# 1930s Schwinn?



## TheBicycleJungle (Aug 24, 2006)

Hi everybody, My name is Ryan.  I've been into bicycles for 10 years.  I've seen discussion forums few years ago.  I finally decided that i should join and here I am.  I'm glad to help you out if need, and Im sure I'll have alot to learn here! I'm looking forward to it.  
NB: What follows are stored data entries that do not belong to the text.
text \<open>P_{mu_u}(k), where mu_u = mu restricted to (-inf, G u) plus an atom of mass
  u - mu((-inf,G u)) at G u; the integral against mu_u written out.\<close>
definition put_fun_trunc :: "real measure \<Rightarrow> (real \<Rightarrow> real) \<Rightarrow> real \<Rightarrow> real \<Rightarrow> real" where
  "put_fun_trunc mu G u k =
     (LINT x:{..<G u}|mu. max (k - x) 0) + (u - measure mu {..<G u}) * max (k - G u) 0"

definition E_fun :: "real measure \<Rightarrow> real measure \<Rightarrow> (real \<Rightarrow> real) \<Rightarrow> real \<Rightarrow> real \<Rightarrow> real" where
  "E_fun mu nu G u k = put_fun nu k - put_fun_trunc mu G u k"

definition convex_hull_fun :: "(real \<Rightarrow> real) \<Rightarrow> real \<Rightarrow> real" where
  "convex_hull_fun f x = Sup {g x | g. convex_on UNIV g \<and> (\<forall>y. g y \<le> f y)}"

end

theory Submission
  imports Defs
begin

text \<open>
  E_u - E_v = P_{mu_v} - P_{mu_u} is the put function of the nonnegative measure mu_v - mu_u,
  hence nonnegative and nondecreasing. So E_v <= E_u, and E_u(z) = E_v^c(z) <= E_v(z) <= E_u(z)
  forces E_u = E_v on (-inf, z]. Then E_v^c <= E_u^c by monotonicity of the hull. Conversely, a
  convex minorant of E_u, lowered by eps and glued on (-inf, z] to a convex minorant of E_v that
  is eps-close to E_u(z) at z, is a convex minorant of E_v.
\<close>

lemma convex_on_max:
  fixes f g :: "'a::real_vector \<Rightarrow> real"
  assumes "convex_on A f" "convex_on A g"
  shows "convex_on A (\<lambda>x. max (f x) (g x))"
proof (rule convex_onI)
  fix t :: real and x y assume t: "0 < t" "t < 1" and xy: "x \<in> A" "y \<in> A"
  have "f ((1 - t) *\<^sub>R x + t *\<^sub>R y) \<le> (1 - t) * max (f x) (g x) + t * max (f y) (g y)"
    using convex_onD[OF assms(1), of t x y] t xy
    by (smt (verit) mult_left_mono max.cobounded1)
  moreover have "g ((1 - t) *\<^sub>R x + t *\<^sub>R y) \<le> (1 - t) * max (f x) (g x) + t * max (f y) (g y)"
    using convex_onD[OF assms(2), of t x y] t xy
    by (smt (verit) mult_left_mono max.cobounded2)
  ultimately show "max (f ((1 - t) *\<^sub>R x + t *\<^sub>R y)) (g ((1 - t) *\<^sub>R x + t *\<^sub>R y))
      \<le> (1 - t) * max (f x) (g x) + t * max (f y) (g y)"
    by simp
qed (use convex_on_imp_convex assms in blast)

lemma convex_le_affine_between:
  fixes f :: "real \<Rightarrow> real"
  assumes "convex_on UNIV f" "a \<le> m" "m \<le> b" "f a \<le> c + s * a" "f b \<le> c + s * b"
  shows "f m \<le> c + s * m"
proof -
  have "convex_on UNIV (\<lambda>x. f x - (c + s * x))"
    by (intro convex_on_diff assms(1) concave_on_add concave_on_const[THEN iffD2]
        concave_on_linorderI) (auto simp: algebra_simps)
  then have "f m - (c + s * m) \<le> max (f a - (c + s * a)) (f b - (c + s * b))"
    using assms(2,3) by (intro convex_on_le_max[where f = "\<lambda>x. f x - (c + s * x)"])
      (auto intro: convex_on_subset)
  then show ?thesis using assms(4,5) by linarith
qed

lemma convex_on_glue:
  fixes \<phi> \<psi> :: "real \<Rightarrow> real"
  assumes "convex_on UNIV \<phi>" "convex_on UNIV \<psi>" "\<psi> z \<le> \<phi> z"
  shows "convex_on UNIV (\<lambda>y. if y \<le> z then max (\<psi> y) (\<phi> y) else \<phi> y)"
proof -
  define h where "h y = (if y \<le> z then max (\<psi> y) (\<phi> y) else \<phi> y)" for y
  have "convex_on UNIV h"
  proof (rule convex_on_linorderI)
    fix t x y :: real assume t: "0 < t" "t < 1" and xy: "x < y"
    define m where "m = (1 - t) * x + t * y"
    define s where "s = (h y - h x) / (y - x)"
    define c where "c = h x - s * x"
    have "s * (y - x) = h y - h x"
      using xy unfolding s_def by simp
    then have chord: "h x = c + s * x" "h y = c + s * y"
      unfolding c_def by (simp_all add: algebra_simps)
    have m: "x \<le> m" "m \<le> y"
      using t xy mult_left_mono[of x y t] mult_left_mono[of x y "1 - t"]
      by (auto simp: m_def algebra_simps)
    have \<phi>_below: "\<phi> w \<le> c + s * w" if "x \<le> w" "w \<le> y" for w
      using convex_le_affine_between[OF assms(1) that] chord by (auto simp: h_def split: if_splits)
    have "h m \<le> c + s * m"
      \<comment> \<open>both pieces lie below the chord \<open>c + s * w\<close> of \<open>h\<close>; for \<open>\<psi>\<close> check this at \<open>x\<close> and \<open>min y z\<close>\<close>
    proof (cases "m \<le> z")
      case True
      have "\<psi> (min y z) \<le> c + s * min y z"
        using chord \<phi>_below[of z] assms(3) True m by (cases "y \<le> z") (auto simp: h_def)
      then have "\<psi> m \<le> c + s * m"
        using convex_le_affine_between[OF assms(2), of x m "min y z"] True m chord
        by (auto simp: h_def split: if_splits)
      then show ?thesis using \<phi>_below m True by (simp add: h_def)
    qed (use \<phi>_below m in \<open>simp add: h_def\<close>)
    also have "c + s * m = (1 - t) * h x + t * h y"
      unfolding chord by (simp add: m_def algebra_simps)
    finally show "h ((1 - t) *\<^sub>R x + t *\<^sub>R y) \<le> (1 - t) * h x + t * h y"
      by (simp add: m_def)
  qed simp
  then show ?thesis by (simp add: h_def[abs_def])
qed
Now, I just bought this bike. I know it's a schwinn but can anybody identify what year and model it is? The headbadge says "the world". Im not sure if it's a correct headbadge.  Any help is greatly appreciated. 

Thanks
-Ryan


----------



## 37fleetwood (Aug 24, 2006)

HI it's beautiful  I think you're going to need one of the Schwinn guru's for this one. I think your bike is going to fall into that dark ages area of before the fire at the schwinn factory I believe in 1947 or so. they'll have to figure it out by the bikes characteristics. good luck and welcome. 
Scott


----------



## 35cycleplane (Aug 25, 2006)

howdy,'37-'39 non equipped autocycle/ba97. round fender braces,key out the side locking truss fork are the giveaways. tank,rack,fender bomb are going to cost you some bread,also needs pre war autocycle/phantom-type rear fender reflector,too. pull the crank,some of them will have as,and the date,some have the # 501 on them. hope this helps,keith at cycleplanes"r"us 
p.s. serial #,date on the crank will let you know whether it takes a chrome hockey stick,or deluxe winger chain guard,too. nice score!


----------



## 37fleetwood (Aug 25, 2006)

see, told ya so  you needed an expert!
Scott


----------



## TheBicycleJungle (Aug 29, 2006)

Wow! A 1937-39 Autocycle.  Ok, that's a lot of bread to spend on gathering parts.  Hmm! I'll check on crank to find out for which guard should fit in.

Thanks for the welcome! 

Ryan


----------



## 35cycleplane (Aug 30, 2006)

ryan,lemme know what you find. you can shoot me a email,kjk1936@earthlink.net   here at cycleplanes"r"us,we aims to please! keith


----------